(* If $G$ is a graph with no induced claw $K_{1,3}$, then $\operatorname{reg}(G)\le 2\operatorname{im}(G)$.
   Context: $\operatorname{reg}(G)=\max\{j\ge0:\widetilde H_{j-1}(\operatorname{Ind}(G[S]);\Bbbk)\neq0\text{ for some }S\subseteq V(G)\}$ over a field $\Bbbk$ ($\operatorname{Ind}$ = independence complex). $\operatorname{im}(G)$ is the induced matching number. *)

theory Defs
  imports Main
begin

definition simple_graph :: "'a set \<Rightarrow> ('a \<Rightarrow> 'a \<Rightarrow> bool) \<Rightarrow> bool" where
  "simple_graph V E \<longleftrightarrow> finite V \<and> (\<forall>u v. E u v \<longrightarrow> E v u)
     \<and> (\<forall>v. \<not> E v v) \<and> (\<forall>u v. E u v \<longrightarrow> u \<in> V \<and> v \<in> V)"

definition claw_free :: "'a set \<Rightarrow> ('a \<Rightarrow> 'a \<Rightarrow> bool) \<Rightarrow> bool" where
  "claw_free V E \<longleftrightarrow> \<not> (\<exists>c a b d. c \<in> V \<and> a \<in> V \<and> b \<in> V \<and> d \<in> V
      \<and> E c a \<and> E c b \<and> E c d
      \<and> a \<noteq> b \<and> a \<noteq> d \<and> b \<noteq> d
      \<and> \<not> E a b \<and> \<not> E a d \<and> \<not> E b d)"

definition ind_complex :: "('a \<Rightarrow> 'a \<Rightarrow> bool) \<Rightarrow> 'a set \<Rightarrow> 'a set set" where
  "ind_complex E S = {F. F \<subseteq> S \<and> (\<forall>u\<in>F. \<forall>v\<in>F. \<not> E u v)}"

text \<open>Simplicial chains: a chain of "size" n (i.e. of dimension n-1) is a finitely
supported coefficient function on the faces of cardinality n.  Faces are oriented
by the linear order on vertices.\<close>
definition is_chain :: "'a set set \<Rightarrow> nat \<Rightarrow> ('a set \<Rightarrow> 'k::field) \<Rightarrow> bool" where
  "is_chain \<Delta> n c \<longleftrightarrow> (\<forall>\<sigma>. c \<sigma> \<noteq> 0 \<longrightarrow> \<sigma> \<in> \<Delta> \<and> finite \<sigma> \<and> card \<sigma> = n)"
(* Let $E$ be a finite directed graph with no sinks, $Z$ a weight sequence and $p\ge1$. Then $Z$ satisfies Condition A(p) if and only if $u_\alpha z=zu_\alpha$ for every path $\alpha$ with $|\alpha|=p$. In that case also $u_\alpha^*z=zu_\alpha^*$ for every path $\alpha$ with $|\alpha|=p$.
   Context: Graph conventions: $E=(E^0,E^1,s,r)$ finite directed graph; paths $\alpha=e_1\cdots e_k$ with $s(e_j)=r(e_{j+1})$, $|\alpha|=k$. Fock setup: $A=C(E^0)$, $X_E$ the graph correspondence over $A$; $X_E^{\otimes k}$ has basis $\{\delta_\alpha:|\alpha|=k\}$ with $\delta_\alpha\otimes\delta_\beta=\delta_{\alpha\beta}$ if $s(\alpha)=r(\beta)$, else $0$. $\mathcal{F}(X_E)=\bigoplus_kX_E^{\otimes k}$, $\mathcal{K}$ compacts, $S_e\delta_\beta=\delta_{e\beta}$ (or $0$). Weight sequence $Z=\{Z_k\}$ ($Z_k$ adjointable on $X_E^{\otimes k}$, commuting with left $A$-action, $Z_0=I$, uniformly bounded, positive invertible, $Z_k\ge\epsilon I$ for $k\ge1$), $Z=\mathrm{diag}(Z_k)$; $q$ the quotient modulo $\mathcal{K}$; $u_e=q(S_e)$, $u_\alpha=u_{e_1}\cdots u_{e_k}$, $z=q(Z)$. Condition A(p): $\lim_{k\to\infty}\|I_p\otimes Z_k-Z_{k+p}\|=0$, where $(I_p\otimes Z_k)\delta_{\beta\gamma}=\delta_\beta\otimes Z_k\delta_\gamma$ for $|\beta|=p$, $|\gamma|=k$. *)

theory Defs
  imports "HOL-Analysis.Analysis"
begin

text \<open>A path of length k is represented as a pair (v, es): es = [e1,...,ek] with
  s(e_j) = r(e_(j+1)) and v = s(ek) the source vertex; (v, []) is the vertex v
  (path of length 0). These index the canonical basis delta_alpha of the Fock module.\<close>

type_synonym ('v,'e) gpath = "'v \<times> 'e list"

definition is_path :: "('e \<Rightarrow> 'v) \<Rightarrow> ('e \<Rightarrow> 'v) \<Rightarrow> ('v,'e) gpath \<Rightarrow> bool" where
  "is_path s r \<alpha> = (snd \<alpha> = [] \<or>
     (fst \<alpha> = s (last (snd \<alpha>)) \<and>
      (\<forall>i. Suc i < length (snd \<alpha>) \<longrightarrow> s (snd \<alpha> ! i) = r (snd \<alpha> ! Suc i))))"

definition fock_paths :: "('e \<Rightarrow> 'v) \<Rightarrow> ('e \<Rightarrow> 'v) \<Rightarrow> ('v,'e) gpath set" where
  "fock_paths s r = {\<alpha>. is_path s r \<alpha>}"

definition paths_len :: "('e \<Rightarrow> 'v) \<Rightarrow> ('e \<Rightarrow> 'v) \<Rightarrow> nat \<Rightarrow> ('v,'e) gpath set" where
  "paths_len s r k = {\<alpha> \<in> fock_paths s r. length (snd \<alpha>) = k}"

definition psrc :: "('v,'e) gpath \<Rightarrow> 'v" where
  "psrc \<alpha> = fst \<alpha>"

definition prange :: "('e \<Rightarrow> 'v) \<Rightarrow> ('v,'e) gpath \<Rightarrow> 'v" where
  "prange r \<alpha> = (if snd \<alpha> = [] then fst \<alpha> else r (hd (snd \<alpha>)))"

definition no_sinks :: "('e \<Rightarrow> 'v) \<Rightarrow> bool" where
  "no_sinks s = (\<forall>v. \<exists>e. s e = v)"

definition ell2 :: "'a set \<Rightarrow> ('a \<Rightarrow> complex) set" where
  "ell2 P = {x. (\<forall>a. a \<notin> P \<longrightarrow> x a = 0) \<and> (\<lambda>a. (cmod (x a))\<^sup>2) summable_on P}"

definition norm2 :: "'a set \<Rightarrow> ('a \<Rightarrow> complex) \<Rightarrow> real" where
  "norm2 P x = sqrt (infsum (\<lambda>a. (cmod (x a))\<^sup>2) P)"

definition inner2 :: "'a set \<Rightarrow> ('a \<Rightarrow> complex) \<Rightarrow> ('a \<Rightarrow> complex) \<Rightarrow> complex" where
  "inner2 P x y = infsum (\<lambda>a. x a * cnj (y a)) P"
lemma gdist_eqI:
  fixes h :: "'a \<Rightarrow> nat"
  assumes "x \<in> V"
    and zero_iff: "\<And>a. a \<in> V \<Longrightarrow> h a = 0 \<longleftrightarrow> a = y"
    and edge_le: "\<And>a b. a \<in> V \<Longrightarrow> b \<in> V \<Longrightarrow> E a b \<Longrightarrow> h a \<le> Suc (h b)"
    and descent: "\<And>a m. a \<in> V \<Longrightarrow> h a = Suc m \<Longrightarrow> \<exists>b\<in>V. E a b \<and> h b = m"
  shows "gdist V E x y = h x"
proof -
  have walk_exists: "\<exists>xs. is_walk E V xs \<and> hd xs = a \<and> last xs = y \<and> length xs = Suc m"
    if "a \<in> V" "h a = m" for a m
    using that
  proof (induction m arbitrary: a)
    case 0
    then show ?case using zero_iff by (intro exI[of _ "[a]"]) auto
  next
    case (Suc m)
    obtain b where b: "b \<in> V" "E a b" "h b = m" using descent Suc.prems by blast
    obtain xs where xs: "is_walk E V xs" "hd xs = b" "last xs = y" "length xs = Suc m"
      using Suc.IH[OF b(1,3)] by blast
    then obtain ys where "xs = b # ys" by (cases xs) auto
    with xs b Suc.prems show ?case
      by (intro exI[of _ "a # xs"]) (auto simp: is_walk_Cons_Cons)
  qed
  have walk_length: "h (hd xs) \<le> length xs - 1" if "is_walk E V xs" "last xs = y" for xs
    using that
  proof (induction xs)
    case Nil
    then show ?case by (simp add: is_walk_def)
  next
    case (Cons a xs)
    show ?case
    proof (cases xs)
      case Nil
      then show ?thesis using Cons.prems zero_iff by simp
    next
      case (Cons b ys)
      with Cons.prems have "a \<in> V" "E a b" "is_walk E V xs" "b \<in> V" "last xs = y"
        by (auto simp: is_walk_Cons_Cons is_walk_def)
      with Cons.IH edge_le[of a b] \<open>xs = b # ys\<close> show ?thesis by fastforce
    qed
  qed
  show ?thesis
    unfolding gdist_def
  proof (rule Least_equality)
    show "\<exists>xs. is_walk E V xs \<and> hd xs = x \<and> last xs = y \<and> length xs = Suc (h x)"
      using walk_exists \<open>x \<in> V\<close> by blast
  next
    fix k
    assume "\<exists>xs. is_walk E V xs \<and> hd xs = x \<and> last xs = y \<and> length xs = Suc k"
    then show "h x \<le> k" using walk_length by fastforce
  qed
qed

lemma metric_dim_le_card:
  assumes "finite Q" "resolving_set V E Q"
  shows "metric_dim V E \<le> card Q"
  unfolding metric_dim_def using assms by (intro Least_le) blast

lemma metric_dim_obtains_basis:
  assumes "finite Q" "resolving_set V E Q"
  obtains B where "finite B" "resolving_set V E B" "card B = metric_dim V E"
  using LeastI_ex[of "\<lambda>k. \<exists>Q. finite Q \<and> resolving_set V E Q \<and> card Q = k"] assms
  unfolding metric_dim_def by blast

text \<open>\<open>hdist x y\<close> is the size of the symmetric difference of the index sets (\<open>{r}\<close> for
  \<open>V1 r\<close>, \<open>{i, j}\<close> for \<open>V2 i j\<close>) of \<open>x\<close> and \<open>y\<close>.\<close>

fun hdist :: "hvert \<Rightarrow> hvert \<Rightarrow> nat" where
  "hdist (V1 r) (V1 s) = (if r = s then 0 else 2)"
| "hdist (V1 r) (V2 i j) = (if r = i \<or> r = j then 1 else 3)"
| "hdist (V2 i j) (V1 r) = (if r = i \<or> r = j then 1 else 3)"
| "hdist (V2 i j) (V2 k l) =
    (if i = k \<and> j = l then 0 else if i = k \<or> i = l \<or> j = k \<or> j = l then 2 else 4)"
(* Let $K\ge 2$ and consider the multivariate multiple linear regression model $\mathbf{Y} = \mathbf{X}\boldsymbol{\beta}' + \boldsymbol{\mathcal{E}}$, where $\mathbf{Y}$ is an $n\times K$ matrix of traits, $\mathbf{X}$ is an $n\times 1$ genotype vector, $\boldsymbol{\beta}'=(\beta_1,\dots,\beta_K)$ is the vector of genetic effects, and $\mathrm{vec}(\boldsymbol{\mathcal{E}})\sim N_{nK}(\mathbf{0},\mathbf{I}_n\otimes\boldsymbol{\Sigma})$ with $\boldsymbol{\Sigma}=\sigma^2\big((1-\rho)\mathbf{I}_K+\rho\mathbf{1}\mathbf{1}'\big)$, $\sigma^2>0$, and $\rho>0$ such that $\boldsymbol{\Sigma}$ is positive definite. Assume the genetic effects of the associated traits are equal in size and positive (i.e. every nonzero $\beta_k$ equals a common value $b>0$). Consider two scenarios: "partial association", in which exactly $u<K$ of the $\beta_k$ are nonzero, and "complete association", in which all $K$ of the $\beta_k$ are nonzero. For testing $H_0:\boldsymbol{\beta}=\mathbf{0}$ with the MANOVA test, the power under partial association is asymptotically larger than the power under complete association if $$\frac{u}{K} > \frac{1-\rho}{1+(K-u-1)\rho},$$ where the right-hand side equals the ratio of the second-largest to the largest eigenvalue of $\boldsymbol{\Sigma}_{K-u}$, the $(K-u)\times(K-u)$ compound-symmetry covariance matrix $\sigma^2((1-\rho)\mathbf{I}_{K-u}+\rho\mathbf{1}\mathbf{1}')$ of the $K-u$ truly unassociated traits.
   Context: $\mathbf{Y}$ and $\mathbf{X}$ are centered. The MANOVA test (Wilks' lambda, equivalent to the likelihood ratio test under the model) of $H_0:\boldsymbol{\beta}=\mathbf{0}$ uses the statistic $-n\log\big(|\mathbf{E}|/|\mathbf{H}+\mathbf{E}|\big)$, where $\hat{\boldsymbol{\beta}}=\mathbf{Y}'\mathbf{X}(\mathbf{X}'\mathbf{X})^{-1}$, $\mathbf{H}=\hat{\boldsymbol{\beta}}(\mathbf{X}'\mathbf{X})\hat{\boldsymbol{\beta}}'$ is the hypothesis sum-of-squares-and-cross-products matrix and $\mathbf{E}=\mathbf{Y}'\mathbf{Y}-\hat{\boldsymbol{\beta}}(\mathbf{X}'\mathbf{X})\hat{\boldsymbol{\beta}}'$ the error one; under $H_0$ it is approximately $\chi^2_K$ for large $n$, and the test rejects for large values. "Asymptotically" refers to the large-sample ($n\to\infty$) approximation of the power. *)

theory Defs
  imports "HOL-Probability.Probability"
begin

definition cs_cov :: "real \<Rightarrow> real \<Rightarrow> real^'k^'k" where
  "cs_cov sigma2 rho = (\<chi> i j. sigma2 * ((1 - rho) * (if i = j then 1 else 0) + rho))"

definition pos_def_mat :: "real^'k^'k \<Rightarrow> bool" where
  "pos_def_mat A \<longleftrightarrow> transpose A = A \<and> (\<forall>x. x \<noteq> 0 \<longrightarrow> x \<bullet> (A *v x) > 0)"

text \<open>Noncentrality parameter of the (asymptotic) MANOVA / LRT statistic for
  H0: beta = 0 in the model Y = X beta' + E, with centered genotype vector X
  having sum of squares sxx = X'X:  lambda = X'X * beta' Sigma^{-1} beta.\<close>
definition manova_ncp :: "real \<Rightarrow> real^'k^'k \<Rightarrow> real^'k \<Rightarrow> real" where
  "manova_ncp sxx Sig beta = sxx * (beta \<bullet> (matrix_inv Sig *v beta))"

text \<open>Tail probability P(chi^2_K(lambda) > c) of the noncentral chi-square
  distribution with K degrees of freedom and noncentrality lambda, realised as
  the law of sum_i (Z_i + mu_i)^2 with Z_i iid N(0,1) and |mu|^2 = lambda.\<close>
definition ncchisq_tail :: "nat \<Rightarrow> real \<Rightarrow> real \<Rightarrow> real" where
  "ncchisq_tail K lam c =
     (let M = PiM {..<K} (\<lambda>_. density lborel std_normal_density)
      in measure M {z \<in> space M. (\<Sum>i<K. (z i + (if i = 0 then sqrt lam else 0))^2) > c})"

text \<open>Asymptotic (large n) power of the MANOVA test with critical value c:
  the statistic is approximately chi^2_K(lambda) under the alternative.\<close>
definition manova_asym_power :: "real \<Rightarrow> real^'k^'k \<Rightarrow> real^'k \<Rightarrow> real \<Rightarrow> real" where
  "manova_asym_power sxx Sig beta c = ncchisq_tail CARD('k) (manova_ncp sxx Sig beta) c"

end

theory Submission
  imports Defs
begin

text \<open>The MANOVA power is the tail \<open>P(\<chi>\<^sup>2\<^sub>K(\<lambda>) > c)\<close> at the noncentrality
  \<open>\<lambda> = X'X \<beta>' \<Sigma>\<^sup>-\<^sup>1 \<beta>\<close>. For the compound-symmetry \<open>\<Sigma>\<close> and \<open>\<beta> = b 1\<^sub>S\<close> with
  \<open>|S| = u\<close>, solving \<open>\<Sigma> v = \<beta>\<close> gives \<open>\<lambda>\<^sub>u = C u (1 + (K - 1 - u) \<rho>)\<close> for a constant
  \<open>C > 0\<close>, hence \<open>\<lambda>\<^sub>K = C K (1 - \<rho>)\<close>, and the hypothesis on \<open>u / K\<close> says precisely
  \<open>\<lambda>\<^sub>K < \<lambda>\<^sub>u\<close>. It remains that the tail is strictly increasing in \<open>\<lambda>\<close>: conditionally on the
  unshifted coordinates, \<open>P((Z + \<surd>\<lambda>)\<^sup>2 \<le> t)\<close> is the standard normal mass of a window of
  half-width \<open>\<surd>t\<close> centred at \<open>-\<surd>\<lambda>\<close>, which strictly decreases as the window moves away
  from the mode.\<close>

section \<open>Standard normal measure\<close>

lemma prob_space_std_normal_distribution: "prob_space std_normal_distribution"
  by (rule prob_space_normal_density) simp

lemma continuous_on_std_normal_density: "continuous_on S std_normal_density"
  unfolding normal_density_def by (intro continuous_intros) auto
lemma zp_mult_in_units:
  assumes "prime p" "u \<in> zp_units p" "v \<in> zp_units p"
  shows "zp_mult p u v \<in> zp_units p"
proof -
  have p1: "p > 1" using assms(1) prime_gt_1_int by blast
  have zu: "u \<in> zp p" "v \<in> zp p" using assms by (auto simp: zp_units_def)
  have "zp_mult p u v \<in> zp p"
    unfolding zp_def zp_mult_def
  proof (intro CollectI allI conjI)
    fix n
    show "0 \<le> u n * v n mod p ^ n" "u n * v n mod p ^ n < p ^ n" using p1 by simp_all
    have "u (Suc n) * v (Suc n) mod p ^ Suc n mod p ^ n
        = (u (Suc n) mod p ^ n) * (v (Suc n) mod p ^ n) mod p ^ n"
      by (simp add: mod_mod_cancel le_imp_power_dvd mod_mult_eq)
    also have "\<dots> = u n * v n mod p ^ n" using zu by (simp add: zp_def)
    finally show "u (Suc n) * v (Suc n) mod p ^ Suc n mod p ^ n = u n * v n mod p ^ n" .
  qed
  moreover have "\<not> p dvd u 1 * v 1"
    using zp_units_not_dvd[OF assms(2) p1] zp_units_not_dvd[OF assms(3) p1]
    by (simp add: prime_dvd_mult_iff[OF assms(1)])
  ultimately show ?thesis by (auto simp: zp_units_def zp_mult_def)
qed

lemma principal_units_antimono:
  assumes "p > 1" "m \<le> n"
  shows "principal_units p n \<subseteq> principal_units p m"
proof
  fix x assume x: "x \<in> principal_units p n"
  then have xz: "x \<in> zp p" by (simp add: principal_units_def zp_units_def)
  have d: "p ^ m dvd p ^ n" using assms by (simp add: le_imp_power_dvd)
  have "0 \<le> x m" "x m < p ^ m" using xz unfolding zp_def by blast+
  then have "x m mod p ^ m = (x n mod p ^ n) mod p ^ m"
    using zp_mod_power[OF xz assms] d by (simp add: mod_mod_cancel)
  also have "\<dots> = 1 mod p ^ m" using x d by (simp add: principal_units_def mod_mod_cancel)
  finally show "x \<in> principal_units p m" using x by (simp add: principal_units_def)
qed

lemma principal_units_0: "principal_units p 0 = zp_units p"
  by (auto simp: principal_units_def)

lemma principal_units_subset_units: "principal_units p n \<subseteq> zp_units p"
  by (auto simp: principal_units_def)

-------

- [TRY IT] Transcribe each line of the data above, unaltered, from the one where "(u (Suc n) mod" appears to the one where "(simp add: zp_def)" appears, inclusive of both.

- [FINISHED TASK]
        = (u (Suc n) mod p ^ n) * (v (Suc n) mod p ^ n) mod p ^ n"
      by (simp add: mod_mod_cancel le_imp_power_dvd mod_mult_eq)
    also have "\<dots> = u n * v n mod p ^ n" using zu by (simp add: zp_def)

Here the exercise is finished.